**WHAT TO DO:** In the records below, find each line with "DeMoivre" and copy it.

**SUPPLIED MATERIAL:**
lemma algebraic_iff_algebraic_over_Rats: "algebraic x \<longleftrightarrow> (K.algebraic over \<rat>) x"
proof
  assume "algebraic x"
  then obtain p where p: "\<forall>i. Polynomial.coeff p i \<in> \<rat>" "p \<noteq> 0" "poly p x = 0"
    unfolding algebraic_altdef by blast
  have "rev (coeffs p) \<in> carrier (\<rat>[X]\<^bsub>K\<^esub>)"
    using p(1,2) by (auto simp: univ_poly_carrier[symmetric] polynomial_def hd_rev
        last_coeffs_eq_coeff_degree coeffs_def)
  with p show "(K.algebraic over \<rat>) x"
    by (intro K.algebraicI[of "rev (coeffs p)"]) (simp_all add: ring_of_type_algebra_eval)
next
  assume "(K.algebraic over \<rat>) x"
  then obtain l where l: "l \<in> carrier (\<rat>[X]\<^bsub>K\<^esub>)" "l \<noteq> []" "K.eval l x = 0"
    using K.algebraicE[OF subfieldE(1)[OF subfield_Rats_ring_of_type_algebra]] by auto
  then have "set l \<subseteq> \<rat>" "hd l \<noteq> 0"
    by (auto simp: univ_poly_carrier[symmetric] polynomial_def)
  with l show "algebraic x"
    by (intro algebraicI'[of "Poly (rev l)"])
       (auto simp: ring_of_type_algebra_eval nth_default_def Poly_eq_0 rev_swap intro!: subsetD[OF _ nth_mem])
qed

lemma algebraic_add [simp]: "algebraic (x :: 'a) \<Longrightarrow> algebraic y \<Longrightarrow> algebraic (x + y)"
  and algebraic_mult [simp]: "algebraic (x :: 'a) \<Longrightarrow> algebraic y \<Longrightarrow> algebraic (x * y)"
proof -
  let ?A = "{x \<in> carrier K. (K.algebraic over \<rat>) x}"
  have A: "subring ?A K"
    using subfieldE(1)[OF K.subfield_of_algebraics[OF subfield_Rats_ring_of_type_algebra]] .
  assume "algebraic x" "algebraic y"
  then have "x \<in> ?A" "y \<in> ?A"
    by (simp_all add: algebraic_iff_algebraic_over_Rats)
  from subringE(6,7)[OF A this] show "algebraic (x + y)" "algebraic (x * y)"
    by (simp_all add: algebraic_iff_algebraic_over_Rats)
qed

end

lemma algebraic_diff [simp]: "algebraic x \<Longrightarrow> algebraic y \<Longrightarrow> algebraic (x - y)"
  using algebraic_add[of x "- y"] by simp

lemma algebraic_divide [simp]: "algebraic x \<Longrightarrow> algebraic y \<Longrightarrow> algebraic (x / y)"
  using algebraic_mult[of x "inverse y"] by (simp add: divide_inverse algebraic_inverse)

lemma algebraic_power [simp]: "algebraic x \<Longrightarrow> algebraic (x ^ n)"
  by (induction n) simp_all

lemma algebraic_sum_list [simp]: "(\<And>x. x \<in> set xs \<Longrightarrow> algebraic (f x)) \<Longrightarrow> algebraic (\<Sum>x\<leftarrow>xs. f x)"
  by (induction xs) simp_all

lemma algebraic_sum [simp]: "(\<And>i. i \<in> A \<Longrightarrow> algebraic (f i)) \<Longrightarrow> algebraic (sum f A)"
  by (induction A rule: infinite_finite_induct) simp_all

lemma algebraic_nth_root: "0 < k \<Longrightarrow> w ^ k = z \<Longrightarrow> algebraic z \<Longrightarrow> algebraic w"
  by (rule algebraic_root[of z "Polynomial.monom 1 k"])
     (auto simp: poly_monom degree_monom_eq Polynomial.coeff_monom)

lemma complex_nth_root_exists: "0 < k \<Longrightarrow> \<exists>w::complex. w ^ k = z"
proof (cases "z = 0")
  case False
  moreover assume "0 < k"
  ultimately have "card {w. w ^ k = z} = k"
    by (rule card_nth_roots)
  with \<open>0 < k\<close> have "{w. w ^ k = z} \<noteq> {}"
    by (intro notI) simp
  then show ?thesis
    by blast
qed simp

section \<open>Prescribing finitely many power sums\<close>

lemma cis_2pi_fraction_eq_1_iff:
  fixes k l :: nat
  assumes "0 < k"
  shows "cis (2 * pi * l / k) = 1 \<longleftrightarrow> k dvd l"
proof -
  have "cis (2 * pi * l / k) = 1 \<longleftrightarrow> (\<exists>n::int. 2 * pi * l / k = n * (2 * pi))"
    by (auto simp: complex_eq_iff cos_one_2pi_int mult.commute[of _ "2 * pi"])
  also have "\<dots> \<longleftrightarrow> (\<exists>n::int. real l = n * k)"
    using assms by (auto simp: field_simps)
  also have "\<dots> \<longleftrightarrow> k dvd l"
    by (metis dvd_def of_int_of_nat_eq of_int_eq_iff of_int_mult of_nat_mult mult.commute int_dvd_int_iff)
  finally show ?thesis .
qed

definition power_sum :: "'a :: semiring_1 list \<Rightarrow> nat \<Rightarrow> 'a" where
  "power_sum xs k = (\<Sum>x\<leftarrow>xs. x ^ k)"

lemma power_sum_append [simp]: "power_sum (xs @ ys) k = power_sum xs k + power_sum ys k"
  by (simp add: power_sum_def)

lemma power_sum_concat: "power_sum (concat xss) k = (\<Sum>xs\<leftarrow>xss. power_sum xs k)"
  by (induction xss) (simp_all add: power_sum_def)

lemma power_sum_replicate_0 [simp]: "0 < k \<Longrightarrow> power_sum (replicate m 0) k = 0"
  by (simp add: power_sum_def sum_list_replicate zero_power)

lemma algebraic_power_sum: "(\<And>x. x \<in> set xs \<Longrightarrow> algebraic x) \<Longrightarrow> algebraic (power_sum xs k)"
  by (simp add: power_sum_def)

definition root_block :: "complex \<Rightarrow> nat \<Rightarrow> complex list" where
  "root_block a k = map (\<lambda>j. a * cis (2 * pi * j / k)) [0..<k]"

lemma length_root_block [simp]: "length (root_block a k) = k"
  by (simp add: root_block_def)

lemma algebraic_root_block:
  assumes "algebraic a" "x \<in> set (root_block a k)"
  shows "algebraic x"
proof -
  obtain j where j: "j < k" "x = a * cis (2 * pi * j / k)"
    using assms(2) by (auto simp: root_block_def)
  have "cis (2 * pi * j / k) ^ k = 1"
    using j(1) by (simp add: DeMoivre cis_2pi_fraction_eq_1_iff[symmetric])
  then have "algebraic (cis (2 * pi * j / k))"
    using j(1) algebraic_nth_root[of k _ 1] by simp
  with assms(1) j(2) show ?thesis
    by simp
qed

lemma power_sum_root_block:
  assumes "0 < k"
  shows "power_sum (root_block a k) l = (if k dvd l then of_nat k * a ^ l else 0)"
proof -
  define \<zeta> where "\<zeta> = cis (2 * pi * l / k)"
  have "power_sum (root_block a k) l = a ^ l * (\<Sum>j<k. \<zeta> ^ j)"
    by (simp add: power_sum_def root_block_def \<zeta>_def power_mult_distrib DeMoivre
        sum_distrib_left interv_sum_list_conv_sum_set_nat atLeast0LessThan mult_ac)
  also have "(\<Sum>j<k. \<zeta> ^ j) = (if k dvd l then of_nat k else 0)"
  proof (cases "k dvd l")
    case True
    then have "\<zeta> = 1"
      using assms by (simp add: \<zeta>_def cis_2pi_fraction_eq_1_iff)
    with True show ?thesis
      by simp
  next
    case False
    then have "\<zeta> \<noteq> 1"
      using assms by (simp add: \<zeta>_def cis_2pi_fraction_eq_1_iff)
    moreover have "\<zeta> ^ k = 1"
      using assms by (simp add: \<zeta>_def DeMoivre cis_2pi_fraction_eq_1_iff[symmetric])
    ultimately show ?thesis
      using False by (simp add: geometric_sum)
  qed
  finally show ?thesis
    by simp
qed

function block_amplitude :: "(nat \<Rightarrow> complex) \<Rightarrow> nat \<Rightarrow> complex" where
  "block_amplitude t l = (SOME a. of_nat l * a ^ l =
     t l - (\<Sum>k=1..<l. power_sum (root_block (block_amplitude t k) k) l))"
  by auto
termination
  by (relation "measure snd") auto

declare block_amplitude.simps [simp del]

lemma block_amplitude_eq:
  assumes "0 < l"
  shows "of_nat l * block_amplitude t l ^ l =
           t l - (\<Sum>k=1..<l. power_sum (root_block (block_amplitude t k) k) l)"
    (is "_ = ?c")
proof -
  obtain a where "a ^ l = ?c / of_nat l"
    using complex_nth_root_exists[OF assms] by blast
  then have "\<exists>a. of_nat l * a ^ l = ?c"
    using assms by (intro exI[of _ a]) simp
  then show ?thesis
    by (subst block_amplitude.simps) (rule someI_ex)
qed

lemma algebraic_block_amplitude:
  assumes "\<And>l. algebraic (t l)" "0 < l"
  shows "algebraic (block_amplitude t l)"
  using assms(2)
proof (induction l rule: less_induct)
  case (less l)
  let ?c = "t l - (\<Sum>k=1..<l. power_sum (root_block (block_amplitude t k) k) l)"
  have "algebraic (power_sum (root_block (block_amplitude t k) k) l)" if "k \<in> {1..<l}" for k
    using that less.IH[of k] by (auto intro: algebraic_power_sum algebraic_root_block)
  then have "algebraic (\<Sum>k=1..<l. power_sum (root_block (block_amplitude t k) k) l)"
    by (rule algebraic_sum)
  then have "algebraic (?c / of_nat l)"
    using assms(1) by simp
  moreover have "block_amplitude t l ^ l = ?c / of_nat l"
    using block_amplitude_eq[OF less.prems, of t] less.prems by (simp add: field_simps)
  ultimately show ?case
    using less.prems algebraic_nth_root by blast
qed

definition root_blocks :: "(nat \<Rightarrow> complex) \<Rightarrow> nat \<Rightarrow> complex list" where
  "root_blocks t N = concat (map (\<lambda>k. root_block (block_amplitude t k) k) [1..<Suc N])"

lemma length_root_blocks_le: "length (root_blocks t N) \<le> N\<^sup>2"
proof -
  have "length (root_blocks t N) = (\<Sum>k=1..<Suc N. k)"
    by (simp add: root_blocks_def length_concat o_def interv_sum_list_conv_sum_set_nat)
  also have "\<dots> \<le> (\<Sum>k=1..<Suc N. N)"
    by (rule sum_mono) simp
  finally show ?thesis
    by (simp add: power2_eq_square)
qed

lemma power_sum_root_blocks:
  assumes "1 \<le> l" "l \<le> N"
  shows "power_sum (root_blocks t N) l = t l"
proof -
  let ?p = "\<lambda>k. power_sum (root_block (block_amplitude t k) k) l"
  have "power_sum (root_blocks t N) l = (\<Sum>k=1..<Suc N. ?p k)"
    by (simp add: root_blocks_def power_sum_concat o_def interv_sum_list_conv_sum_set_nat)
  also have "\<dots> = (\<Sum>k=1..<Suc l. ?p k)"
    using assms by (intro sum.mono_neutral_right) (auto simp: power_sum_root_block dest: dvd_imp_le)
  also have "\<dots> = (\<Sum>k=1..<l. ?p k) + of_nat l * block_amplitude t l ^ l"
    using assms by (simp add: power_sum_root_block)
  also have "\<dots> = t l"
    using assms by (simp add: block_amplitude_eq)
  finally show ?thesis .
qed

lemma exists_list_with_power_sums:
  fixes t :: "nat \<Rightarrow> complex"
  assumes "N\<^sup>2 \<le> m" "\<And>l. algebraic (t l)"
  shows "\<exists>xs. length xs = m \<and> (\<forall>x\<in>set xs. algebraic x) \<and> (\<forall>l\<in>{1..N}. power_sum xs l = t l)"
proof (intro exI conjI)
  let ?xs = "root_blocks t N @ replicate (m - length (root_blocks t N)) 0"
  show "length ?xs = m"
    using length_root_blocks_le[of t N] assms(1) by simp
  have "algebraic x" if x: "x \<in> set (root_blocks t N)" for x
  proof -
    have "x \<in> (\<Union>k\<in>{1..N}. set (root_block (block_amplitude t k) k))"
      using x by (simp del: upt_Suc add: root_blocks_def atLeastLessThanSuc_atLeastAtMost)
    then obtain k where k: "0 < k" "x \<in> set (root_block (block_amplitude t k) k)"
      by (auto simp: Suc_le_eq)
    show ?thesis
      by (rule algebraic_root_block[OF algebraic_block_amplitude[OF assms(2) k(1)] k(2)])
  qed
  then show "\<forall>x\<in>set ?xs. algebraic x"
    by auto
  show "\<forall>l\<in>{1..N}. power_sum ?xs l = t l"
    by (simp add: power_sum_root_blocks)
qed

**WRITTEN RESPONSE:**
    using j(1) by (simp add: DeMoivre cis_2pi_fraction_eq_1_iff[symmetric])
    by (simp add: power_sum_def root_block_def \<zeta>_def power_mult_distrib DeMoivre
      using assms by (simp add: \<zeta>_def DeMoivre cis_2pi_fraction_eq_1_iff[symmetric])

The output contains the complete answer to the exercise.